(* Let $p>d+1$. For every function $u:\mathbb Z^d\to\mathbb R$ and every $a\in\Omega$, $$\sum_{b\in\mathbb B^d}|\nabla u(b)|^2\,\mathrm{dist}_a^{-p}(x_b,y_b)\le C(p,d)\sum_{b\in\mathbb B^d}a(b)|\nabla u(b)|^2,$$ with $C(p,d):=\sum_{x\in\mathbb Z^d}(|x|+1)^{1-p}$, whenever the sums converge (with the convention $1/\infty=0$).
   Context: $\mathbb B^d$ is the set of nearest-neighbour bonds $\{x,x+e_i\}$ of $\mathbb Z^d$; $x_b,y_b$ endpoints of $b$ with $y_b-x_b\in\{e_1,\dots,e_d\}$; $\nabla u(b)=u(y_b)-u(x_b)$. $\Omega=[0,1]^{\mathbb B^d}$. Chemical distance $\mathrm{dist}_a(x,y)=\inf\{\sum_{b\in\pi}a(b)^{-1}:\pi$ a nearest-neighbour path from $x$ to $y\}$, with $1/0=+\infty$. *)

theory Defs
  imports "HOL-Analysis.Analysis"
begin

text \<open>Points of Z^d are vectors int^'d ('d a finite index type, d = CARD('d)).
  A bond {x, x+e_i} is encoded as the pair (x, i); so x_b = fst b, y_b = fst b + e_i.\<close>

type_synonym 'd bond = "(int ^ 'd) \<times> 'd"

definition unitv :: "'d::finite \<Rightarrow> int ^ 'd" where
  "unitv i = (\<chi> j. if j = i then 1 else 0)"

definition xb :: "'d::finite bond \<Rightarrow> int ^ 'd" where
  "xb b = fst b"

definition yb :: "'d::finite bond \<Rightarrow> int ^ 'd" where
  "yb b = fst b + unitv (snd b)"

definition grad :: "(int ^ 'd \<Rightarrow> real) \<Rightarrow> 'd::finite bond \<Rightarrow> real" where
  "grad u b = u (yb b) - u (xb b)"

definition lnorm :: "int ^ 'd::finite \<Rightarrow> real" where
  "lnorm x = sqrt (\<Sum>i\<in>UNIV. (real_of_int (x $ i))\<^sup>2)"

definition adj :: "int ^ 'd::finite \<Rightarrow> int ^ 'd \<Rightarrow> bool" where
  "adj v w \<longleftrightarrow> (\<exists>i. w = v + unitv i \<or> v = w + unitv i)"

*-*-*

- Instructions for the task: In the material above, find the lines that contain "lnorm" and show them.

- Task result:
definition lnorm :: "int ^ 'd::finite \<Rightarrow> real" where
  "lnorm x = sqrt (\<Sum>i\<in>UNIV. (real_of_int (x $ i))\<^sup>2)"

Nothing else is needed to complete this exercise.